Derşevi, "Irak'ta terör örgütleri noktasında ciddi bir
sorun var. Dünyada terör örgütleri listesinde yer alan grupların Irak'a
getirilmesi ve onlara destek sunulması Irak halkının çıkarlarına aykırıdır."
değerlendirmesinde bulundu.
Musul'a bağlı Sincar'da halkın terör örgütü DEAŞ nedeniyle
evlerini terk ettiklerini hatırlatan Derşevi, Irak hükümetinin, halkın
tamamının dönüşü için politika üretip, Sincar'da güvenliği sağlaması gerekirken
Haşdi Şabi içinde terör örgütleri listesinde yer alan bazı gruplara destek
verdiğini savundu
Derşevi, bu gruplardan birinin terör örgütü PKK olduğunu
belirterek "Bunlara Haşdi Şabi'nin 8. Tugayı ve başka yollarla finans
sağlanıyor. Bu Irak için iyi değildir." ifadelerini kullandı.
Irak yargısının terör örgütü PKK'ya bağlı sözde 3 partiyi
yasaklaması kararını da değerlendiren Derşevi, şunları kaydetti:
"Irak yargısının PKK uzantısı 3 partiyi kapatma kararı,
bu yanlışı düzeltmek için atılmış bir adımdır.
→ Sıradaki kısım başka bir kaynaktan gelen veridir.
(* For $n\ge1$ and complex parameters, the superalgebras $L(\beta_{\lfloor\frac{n+5}{2}\rfloor},\dots,\beta_{n+1})$ and $L(\beta'_{\lfloor\frac{n+5}{2}\rfloor},\dots,\beta'_{n+1})$ are isomorphic if and only if there exist $a_1,b_{n+2}\in\mathbb{C}$, both nonzero, such that $b_{n+2}\beta_j=a_1^{2j-3}\beta'_j$ for all $\lfloor\frac{n+5}{2}\rfloor\le j\le n+1$.
   Context: $L(\beta_{\lfloor\frac{n+5}{2}\rfloor},\dots,\beta_{n+1})$ denotes the complex Leibniz superalgebra with even basis $x_1,\dots,x_n$, odd basis $y_1,\dots,y_{n+2}$ and products $[x_i,x_1]=x_{i+1}$ ($1\le i\le n-1$), $[y_j,x_1]=y_{j+1}$ ($1\le j\le n$), $[x_i,y_1]=\tfrac12 y_{i+1}$ ($1\le i\le n$), $[y_j,y_1]=x_j$ ($1\le j\le n$), $[x_i,y_{n+2}]=\sum_{k=\lfloor\frac{n+5}{2}\rfloor}^{n+2-i}\beta_k y_{k-1+i}$ ($1\le i\le\lfloor\frac n2\rfloor$), $[y_j,y_{n+2}]=-2\sum_{k=\lfloor\frac{n+5}{2}\rfloor}^{n+2-j}\beta_k x_{k-2+j}$ ($1\le j\le\lfloor\frac n2\rfloor$), all other products of basis elements zero. A Leibniz superalgebra is a $\mathbb{Z}_2$-graded vector space with a bilinear product respecting the grading and satisfying $[x,[y,z]]=[[x,y],z]-(-1)^{\alpha\beta}[[x,z],y]$ for $y\in L_\alpha,z\in L_\beta$; an isomorphism is a grading-preserving bijective linear map preserving the product. $\lfloor\cdot\rfloor$ is the integer part. *)

theory Defs
  imports Complex_Main
begin

text \<open>Basis indices of the superalgebra: X i = x_i (even), Y j = y_j (odd).
  Elements of the algebra are coordinate functions on these indices, supported
  on the basis x_1..x_n, y_1..y_(n+2).\<close>

datatype bidx = X nat | Y nat

type_synonym vec = "bidx \<Rightarrow> complex"

definition even_basis :: "nat \<Rightarrow> bidx set" where
  "even_basis n = X ` {1..n}"

definition odd_basis :: "nat \<Rightarrow> bidx set" where
  "odd_basis n = Y ` {1..n+2}"

definition basis :: "nat \<Rightarrow> bidx set" where
  "basis n = even_basis n \<union> odd_basis n"

definition sspace :: "nat \<Rightarrow> vec set" where
  "sspace n = {u. \<forall>b. u b \<noteq> 0 \<longrightarrow> b \<in> basis n}"

definition even_part :: "nat \<Rightarrow> vec set" where
  "even_part n = {u. \<forall>b. u b \<noteq> 0 \<longrightarrow> b \<in> even_basis n}"
section \<open>The lemma of du Bois-Reymond\<close>

lemma AE_eq_if_integrals_greaterThan_eq:
  fixes u v :: "real \<Rightarrow> real"
  assumes [measurable]: "u \<in> borel_measurable borel" "v \<in> borel_measurable borel"
    and "integrable lborel u" "integrable lborel v" "\<And>t. 0 \<le> u t" "\<And>t. 0 \<le> v t"
    and eq: "\<And>x. integral\<^sup>L lborel (\<lambda>t. u t * indicator {x<..} t) = integral\<^sup>L lborel (\<lambda>t. v t * indicator {x<..} t)"
  shows "AE t in lborel. u t = v t"
proof -
  have emeasure_density: "emeasure (density lborel f) {x<..} = integral\<^sup>L lborel (\<lambda>t. f t * indicator {x<..} t)"
    if [measurable]: "f \<in> borel_measurable borel" and "integrable lborel f" "\<And>t. 0 \<le> f t"
    for f :: "real \<Rightarrow> real" and x :: real
  proof -
    have "emeasure (density lborel f) {x<..} = (\<integral>\<^sup>+ t. ennreal (f t * indicator {x<..} t) \<partial>lborel)"
      using borel_open[OF open_greaterThan[of x]]
      by (subst emeasure_density) (auto intro!: nn_integral_cong simp: indicator_def)
    also have "\<dots> = integral\<^sup>L lborel (\<lambda>t. f t * indicator {x<..} t)"
      using that by (intro nn_integral_eq_integral integrable_real_mult_indicator) auto
    finally show ?thesis .
  qed
  have "density lborel u = density lborel v"
    by (rule measure_eqI_lessThan) (simp_all add: emeasure_density assms)
  moreover have "(\<integral>\<^sup>+ t. ennreal (u t) \<partial>lborel) \<noteq> \<infinity>"
    using nn_integral_eq_integral[OF assms(3)] assms(5) by simp
  ultimately have "AE t in lborel. ennreal (u t) = ennreal (v t)"
    by (intro finite_density_unique[THEN iffD1]) auto
  then show ?thesis
    by eventually_elim (use assms(5,6) in simp)
qed
(* Consider a general state space model as described in the context, with observations $y_1,y_2,\dots$ held fixed. Assume that for every $t\ge 1$ the map $x\mapsto a_t(x,\cdot)$ is continuous from the state space into $L_1(\mu)$, and that for all $t$, all $x$ and all $y$, $$0<b_t(x,y)\le C(t,y)<\infty .$$ Then for every $t\ge 0$ and every $y_{1:t}$, $\|f^N_{t|t}-f_{t|t}\|_1=\int|f^N_{t|t}(x)-f_{t|t}(x)|\,d\mu(x)\to 0$ in probability as $N\to\infty$.
   Context: State space model: the state space $E$ is a complete separable metric space with Borel $\sigma$-field and a reference measure $\mu$; the observation space carries a measure $\nu$. $(X_t)_{t\ge0}$ is a Markov chain with $X_0\sim a_0(x)\,d\mu(x)$ and $X_t\mid X_{t-1}=x'\sim a_t(x',x)\,d\mu(x)$; conditionally on $(X_t)$ the $Y_t$ are independent with $Y_t\mid X_t=x\sim b_t(x,y)\,d\nu(y)$. The observations $y_1,y_2,\dots$ are fixed; $f_{t|t}=f_{t|t}(\cdot\mid y_{1:t})$ denotes the conditional density of $X_t$ given $Y_{1:t}=y_{1:t}$, given by $f_{0|0}=a_0$ and $f_{t|t}(x)\propto b_t(x,y_t)\int f_{t-1|t-1}(x')a_t(x',x)\,d\mu(x')$. Monte Carlo filter (i.i.d. version, e.g. via accept–reject): $x_{1,0},\dots,x_{N,0}$ are i.i.d. from $f^N_{0|0}=a_0$; given all particles up to time $t-1$, $x_{1,t},\dots,x_{N,t}$ are i.i.d. from the density $$f^N_{t|t}(x)\propto b_t(x,y_t)\,\frac1N\sum_{j=1}^N a_t(x_{j,t-1},x).$$ Probabilities refer only to the randomness of the Monte Carlo sampling. *)

theory Defs
  imports "HOL-Probability.Probability"
begin

text \<open>Exact filter density f_{t|t} (observations y fixed).
  a0: initial density, a t x' x: transition density at time t,
  b t x y: observation density at time t, all w.r.t. mu (resp. nu).\<close>
primrec filt :: "'a measure \<Rightarrow> ('a \<Rightarrow> real) \<Rightarrow> (nat \<Rightarrow> 'a \<Rightarrow> 'a \<Rightarrow> real)
    \<Rightarrow> (nat \<Rightarrow> 'a \<Rightarrow> 'b \<Rightarrow> real) \<Rightarrow> (nat \<Rightarrow> 'b) \<Rightarrow> nat \<Rightarrow> 'a \<Rightarrow> real" where
  "filt \<mu> a0 a b y 0 = a0"
| "filt \<mu> a0 a b y (Suc t) =
     (let g = (\<lambda>x. b (Suc t) x (y (Suc t)) * (\<integral>x'. filt \<mu> a0 a b y t x' * a (Suc t) x' x \<partial>\<mu>))
      in (\<lambda>x. g x / (\<integral>z. g z \<partial>\<mu>)))"

text \<open>Monte Carlo density f^N_{t|t} at time t >= 1, given the particles xs 0, ..., xs (N-1)
  of time t-1.\<close>
definition mc_dens :: "'a measure \<Rightarrow> (nat \<Rightarrow> 'a \<Rightarrow> 'a \<Rightarrow> real)
    \<Rightarrow> (nat \<Rightarrow> 'a \<Rightarrow> 'b \<Rightarrow> real) \<Rightarrow> (nat \<Rightarrow> 'b) \<Rightarrow> nat \<Rightarrow> nat \<Rightarrow> (nat \<Rightarrow> 'a) \<Rightarrow> 'a \<Rightarrow> real" where
  "mc_dens \<mu> a b y N t xs =
     (let g = (\<lambda>x. b t x (y t) * ((\<Sum>j<N. a t (xs j) x) / real N))
      in (\<lambda>x. g x / (\<integral>z. g z \<partial>\<mu>)))"

definition filtN :: "'a measure \<Rightarrow> ('a \<Rightarrow> real) \<Rightarrow> (nat \<Rightarrow> 'a \<Rightarrow> 'a \<Rightarrow> real)
    \<Rightarrow> (nat \<Rightarrow> 'a \<Rightarrow> 'b \<Rightarrow> real) \<Rightarrow> (nat \<Rightarrow> 'b) \<Rightarrow> nat \<Rightarrow> nat \<Rightarrow> (nat \<Rightarrow> 'a) \<Rightarrow> 'a \<Rightarrow> real" where
  "filtN \<mu> a0 a b y N t xs = (if t = 0 then a0 else mc_dens \<mu> a b y N t xs)"

text \<open>Law of the particle vector (x_{1,t},...,x_{N,t}) (indexed 0..N-1) of the i.i.d. Monte Carlo
  filter: i.i.d. from a0 at time 0; given the time-t particles, i.i.d. from f^N_{t+1|t+1}.\<close>
primrec particles :: "'a measure \<Rightarrow> ('a \<Rightarrow> real) \<Rightarrow> (nat \<Rightarrow> 'a \<Rightarrow> 'a \<Rightarrow> real)
    \<Rightarrow> (nat \<Rightarrow> 'a \<Rightarrow> 'b \<Rightarrow> real) \<Rightarrow> (nat \<Rightarrow> 'b) \<Rightarrow> nat \<Rightarrow> nat \<Rightarrow> (nat \<Rightarrow> 'a) measure" where
  "particles \<mu> a0 a b y N 0 = PiM {..<N} (\<lambda>_. density \<mu> (\<lambda>x. ennreal (a0 x)))"
| "particles \<mu> a0 a b y N (Suc t) =
     bind (particles \<mu> a0 a b y N t)
       (\<lambda>xs. PiM {..<N} (\<lambda>_. density \<mu> (\<lambda>x. ennreal (mc_dens \<mu> a b y N (Suc t) xs x))))"

definition L1_dist :: "'a measure \<Rightarrow> ('a \<Rightarrow> real) \<Rightarrow> ('a \<Rightarrow> real) \<Rightarrow> ennreal" where
  "L1_dist \<mu> f g = (\<integral>\<^sup>+x. ennreal \<bar>f x - g x\<bar> \<partial>\<mu>)"

end

theory Submission
  imports Defs
begin

text \<open>
  The exact filter arises from the previous one by a prediction step (integration against the
  Markov kernel a_t, an L1-contraction) and a Bayes reweighting with b_t(., y_t), which is
  L1-Lipschitz at every density because 0 < b_t <= C. The Monte Carlo filter instead reweights
  the kernel average (1/N) sum_j a_t(x_j, .) of N i.i.d. samples x_j from its own previous
  density q. Splitting a_t(x, z) into min(a_t(x, z), M) for z in a set S of finite measure plus
  a tail, a variance bound shows that the expected L1-error of this average is at most
  M mu(S) / sqrt N plus twice the tail mass under q, and the tail mass moves by at most the
  L1-distance from q to the exact previous density h. So the error is small uniformly on an
  L1-ball around h. By induction on t the previous Monte Carlo density lies in that ball with
  high probability, and conditionally on the previous particles Markov's inequality bounds the
  probability of a deviation at time t.
\<close>

section \<open>Probability densities and the L1 distance\<close>

definition prob_density :: "'a measure \<Rightarrow> ('a \<Rightarrow> real) \<Rightarrow> bool" where
  "prob_density M q \<longleftrightarrow> q \<in> borel_measurable M \<and> (\<forall>x. 0 \<le> q x) \<and> (\<integral>\<^sup>+x. ennreal (q x) \<partial>M) = 1"

lemma prob_density_measurable: "prob_density M q \<Longrightarrow> q \<in> borel_measurable M"
  and prob_density_nonneg: "prob_density M q \<Longrightarrow> 0 \<le> q x"
  and prob_density_nn_integral: "prob_density M q \<Longrightarrow> (\<integral>\<^sup>+x. ennreal (q x) \<partial>M) = 1"
  by (auto simp: prob_density_def)

lemma prob_density_integrable: "prob_density M q \<Longrightarrow> integrable M q"
  by (auto simp: prob_density_def intro!: integrableI_nonneg)

lemma prob_space_density_prob_density:
  assumes "prob_density M q"
  shows "prob_space (density M (\<lambda>x. ennreal (q x)))"
proof (rule prob_spaceI)
  have "emeasure (density M (\<lambda>x. ennreal (q x))) (space M)
      = (\<integral>\<^sup>+x. ennreal (q x) * indicator (space M) x \<partial>M)"
    using prob_density_measurable[OF assms] by (intro emeasure_density) auto
  also have "\<dots> = (\<integral>\<^sup>+x. ennreal (q x) \<partial>M)"
    by (intro nn_integral_cong) (simp add: indicator_def)
  finally show "emeasure (density M (\<lambda>x. ennreal (q x))) (space (density M (\<lambda>x. ennreal (q x)))) = 1"
    using prob_density_nn_integral[OF assms] by simp
qed

lemma prob_space_PiM_density:
  "prob_density M q \<Longrightarrow> prob_space (PiM I (\<lambda>_. density M (\<lambda>x. ennreal (q x))))"
  by (intro prob_space_PiM prob_space_density_prob_density)

lemma sets_PiM_density: "sets (PiM I (\<lambda>_. density M f)) = sets (PiM I (\<lambda>_. M))"
  by (intro sets_PiM_cong) auto

lemma L1_dist_triangle:
  assumes "f \<in> borel_measurable M" "g \<in> borel_measurable M" "h \<in> borel_measurable M"
  shows "L1_dist M f h \<le> L1_dist M f g + L1_dist M g h"
proof -
  have "L1_dist M f h \<le> (\<integral>\<^sup>+x. ennreal \<bar>f x - g x\<bar> + ennreal \<bar>g x - h x\<bar> \<partial>M)"
    unfolding L1_dist_def
    by (intro nn_integral_mono) (auto simp flip: ennreal_plus intro!: ennreal_leI)
  also have "\<dots> = L1_dist M f g + L1_dist M g h"
    unfolding L1_dist_def using assms by (intro nn_integral_add) auto
  finally show ?thesis .
qed

lemma L1_dist_eq_integral:
  assumes "integrable M f" "integrable M g"
  shows "L1_dist M f g = ennreal (\<integral>x. \<bar>f x - g x\<bar> \<partial>M)"
  unfolding L1_dist_def using assms by (intro nn_integral_eq_integral) auto

lemma L1_dist_measurable:
  assumes "sigma_finite_measure M"
    and "(\<lambda>p. f (fst p) (snd p)) \<in> borel_measurable (R \<Otimes>\<^sub>M M)" "g \<in> borel_measurable M"
  shows "(\<lambda>w. L1_dist M (f w) g) \<in> borel_measurable R"
proof -
  have "(\<lambda>(w, x). ennreal \<bar>f w x - g x\<bar>) \<in> borel_measurable (R \<Otimes>\<^sub>M M)"
    using assms(2,3) by (simp add: case_prod_beta') measurable
  then show ?thesis
    unfolding L1_dist_def by (rule sigma_finite_measure.borel_measurable_nn_integral[OF assms(1)])
qed

lemma mult_emeasure_le_nn_integral:
  assumes [measurable]: "u \<in> borel_measurable M"
  shows "ennreal \<epsilon> * emeasure M {x \<in> space M. ennreal \<epsilon> < u x} \<le> (\<integral>\<^sup>+x. u x \<partial>M)"
proof -
  have "ennreal \<epsilon> * emeasure M {x \<in> space M. ennreal \<epsilon> < u x}
      = (\<integral>\<^sup>+x. ennreal \<epsilon> * indicator {x \<in> space M. ennreal \<epsilon> < u x} x \<partial>M)"
    by (simp add: nn_integral_cmult_indicator)
  also have "\<dots> \<le> (\<integral>\<^sup>+x. u x \<partial>M)"
    by (intro nn_integral_mono) (auto simp: indicator_def less_imp_le)
  finally show ?thesis .
qed

lemma (in prob_space) nn_integral_le_add_emeasure:
  assumes "B \<in> events" and "\<And>w. w \<in> space M \<Longrightarrow> w \<notin> B \<Longrightarrow> f w \<le> c"
    and "\<And>w. w \<in> space M \<Longrightarrow> f w \<le> 1"
  shows "(\<integral>\<^sup>+w. f w \<partial>M) \<le> c + emeasure M B"
proof -
  have "f w \<le> c + indicator B w" if "w \<in> space M" for w
    using assms(2,3)[OF that] by (cases "w \<in> B") (auto intro: add_increasing)
  then have "(\<integral>\<^sup>+w. f w \<partial>M) \<le> (\<integral>\<^sup>+w. c + indicator B w \<partial>M)"
    by (intro nn_integral_mono)
  also have "\<dots> = c + emeasure M B"
    using assms(1) by (simp add: nn_integral_add emeasure_space_1)
  finally show ?thesis .
qed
Irak bu konuyu ciddiye almalı ve
Türkiye gibi komşu bir ülke ile sorun yaşanmamalı."
Iraklı uluslararası ilişkiler uzmanı Ramazan Nasreddin de
"Yasaklanan 3 partinin ideolojik açıdan PKK'ya bağlı oldukları görülüyor.
Sloganlarından da bu durum anlaşılıyor. PKK da Irak yasalarına göre yasaklı
örgüt olarak kabul ediliyor." ifadelerini kullandı.
Partilerin kapatılması kararının iki açıdan büyük önem
taşıdığını aktaran Nasreddin, sözlerini şöyle tamamladı:
"Birincisi, yasal açıdan yasaklı partiler IKBY
Parlamento seçimlerine giremezler. İkincisi de bu durum (yasaklanması) siyasi
açıdan Irak ile Türkiye ilişkilerinin iyi olduğunu gösteriyor.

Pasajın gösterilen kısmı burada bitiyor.